Scan the records below and say how many lines include the word "bullet", giving no other text.

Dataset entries
++++++++++

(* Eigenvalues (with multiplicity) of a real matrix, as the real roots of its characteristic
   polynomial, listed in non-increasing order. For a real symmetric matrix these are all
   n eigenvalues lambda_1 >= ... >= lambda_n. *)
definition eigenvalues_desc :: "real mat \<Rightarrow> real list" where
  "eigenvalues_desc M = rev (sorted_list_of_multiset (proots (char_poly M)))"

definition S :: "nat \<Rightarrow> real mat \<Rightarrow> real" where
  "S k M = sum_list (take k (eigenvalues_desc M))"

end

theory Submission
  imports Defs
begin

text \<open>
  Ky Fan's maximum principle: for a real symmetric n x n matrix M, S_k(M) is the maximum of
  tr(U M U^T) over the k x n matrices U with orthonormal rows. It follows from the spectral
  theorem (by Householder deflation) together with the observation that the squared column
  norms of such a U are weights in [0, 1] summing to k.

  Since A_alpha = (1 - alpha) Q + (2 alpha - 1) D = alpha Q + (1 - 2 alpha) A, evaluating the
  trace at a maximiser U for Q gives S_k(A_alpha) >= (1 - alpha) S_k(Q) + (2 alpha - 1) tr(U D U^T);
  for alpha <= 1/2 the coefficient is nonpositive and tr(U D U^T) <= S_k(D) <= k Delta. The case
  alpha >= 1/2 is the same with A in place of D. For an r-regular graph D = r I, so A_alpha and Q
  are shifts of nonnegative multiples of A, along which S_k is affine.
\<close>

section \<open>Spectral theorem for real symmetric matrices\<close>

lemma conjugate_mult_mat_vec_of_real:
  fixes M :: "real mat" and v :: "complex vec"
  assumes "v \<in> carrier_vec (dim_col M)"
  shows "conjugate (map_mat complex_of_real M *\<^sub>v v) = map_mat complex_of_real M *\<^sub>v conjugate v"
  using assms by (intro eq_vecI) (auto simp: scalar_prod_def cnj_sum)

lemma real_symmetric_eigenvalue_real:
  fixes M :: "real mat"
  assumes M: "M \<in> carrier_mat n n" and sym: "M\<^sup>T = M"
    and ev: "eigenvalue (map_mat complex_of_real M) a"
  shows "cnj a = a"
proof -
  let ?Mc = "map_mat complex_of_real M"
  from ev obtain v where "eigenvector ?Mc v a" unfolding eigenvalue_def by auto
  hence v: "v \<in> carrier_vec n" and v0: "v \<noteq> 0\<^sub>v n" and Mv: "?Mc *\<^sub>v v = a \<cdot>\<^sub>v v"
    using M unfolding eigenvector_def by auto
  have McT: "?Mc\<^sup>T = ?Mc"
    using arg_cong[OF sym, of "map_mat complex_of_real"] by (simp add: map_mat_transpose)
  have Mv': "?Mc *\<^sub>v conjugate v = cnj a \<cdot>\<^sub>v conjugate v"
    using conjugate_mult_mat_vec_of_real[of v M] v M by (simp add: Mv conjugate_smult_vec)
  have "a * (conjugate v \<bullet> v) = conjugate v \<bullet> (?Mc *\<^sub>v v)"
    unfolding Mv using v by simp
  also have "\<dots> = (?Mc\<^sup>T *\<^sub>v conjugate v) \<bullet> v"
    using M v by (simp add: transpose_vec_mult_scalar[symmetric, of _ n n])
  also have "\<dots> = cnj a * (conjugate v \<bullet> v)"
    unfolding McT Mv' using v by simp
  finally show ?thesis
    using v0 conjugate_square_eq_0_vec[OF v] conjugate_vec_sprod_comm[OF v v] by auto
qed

++++++++++

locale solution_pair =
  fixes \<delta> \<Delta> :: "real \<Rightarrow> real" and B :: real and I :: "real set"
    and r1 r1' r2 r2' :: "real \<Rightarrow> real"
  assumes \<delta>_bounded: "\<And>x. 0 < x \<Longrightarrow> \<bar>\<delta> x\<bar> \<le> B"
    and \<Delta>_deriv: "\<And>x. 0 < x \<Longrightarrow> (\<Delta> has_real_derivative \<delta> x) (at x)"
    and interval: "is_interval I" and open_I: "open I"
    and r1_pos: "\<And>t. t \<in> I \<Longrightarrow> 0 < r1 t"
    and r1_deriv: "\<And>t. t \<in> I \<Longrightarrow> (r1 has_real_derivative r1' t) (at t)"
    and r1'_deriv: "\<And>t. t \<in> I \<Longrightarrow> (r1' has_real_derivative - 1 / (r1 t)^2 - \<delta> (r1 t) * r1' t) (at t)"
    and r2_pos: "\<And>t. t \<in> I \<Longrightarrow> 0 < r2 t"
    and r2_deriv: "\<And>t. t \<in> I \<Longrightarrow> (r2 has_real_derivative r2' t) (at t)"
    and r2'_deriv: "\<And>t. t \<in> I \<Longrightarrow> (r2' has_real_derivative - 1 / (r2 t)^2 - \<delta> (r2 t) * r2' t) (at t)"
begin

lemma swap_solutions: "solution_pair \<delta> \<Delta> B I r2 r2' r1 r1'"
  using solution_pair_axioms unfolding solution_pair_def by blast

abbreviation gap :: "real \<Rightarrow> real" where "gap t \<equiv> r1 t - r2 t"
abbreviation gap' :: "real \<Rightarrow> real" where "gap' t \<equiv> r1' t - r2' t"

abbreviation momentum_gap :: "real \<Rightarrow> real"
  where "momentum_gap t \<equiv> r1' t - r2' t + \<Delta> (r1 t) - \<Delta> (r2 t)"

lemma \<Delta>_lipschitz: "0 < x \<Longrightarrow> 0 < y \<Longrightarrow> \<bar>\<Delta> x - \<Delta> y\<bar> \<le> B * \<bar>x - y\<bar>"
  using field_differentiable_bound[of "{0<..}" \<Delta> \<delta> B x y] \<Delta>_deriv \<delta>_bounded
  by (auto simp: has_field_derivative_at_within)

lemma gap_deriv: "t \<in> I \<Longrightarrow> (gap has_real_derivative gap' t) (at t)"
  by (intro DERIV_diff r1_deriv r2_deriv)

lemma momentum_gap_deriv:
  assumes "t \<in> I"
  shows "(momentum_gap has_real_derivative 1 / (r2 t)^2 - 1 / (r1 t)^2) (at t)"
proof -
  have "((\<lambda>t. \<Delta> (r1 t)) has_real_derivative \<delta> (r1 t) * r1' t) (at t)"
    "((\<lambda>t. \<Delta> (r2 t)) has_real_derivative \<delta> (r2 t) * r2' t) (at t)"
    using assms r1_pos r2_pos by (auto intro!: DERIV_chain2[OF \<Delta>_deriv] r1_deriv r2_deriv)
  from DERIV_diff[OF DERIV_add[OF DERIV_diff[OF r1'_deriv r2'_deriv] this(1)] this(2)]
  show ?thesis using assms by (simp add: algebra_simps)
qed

++++++++++

ANSWER TO THE EXERCISE
3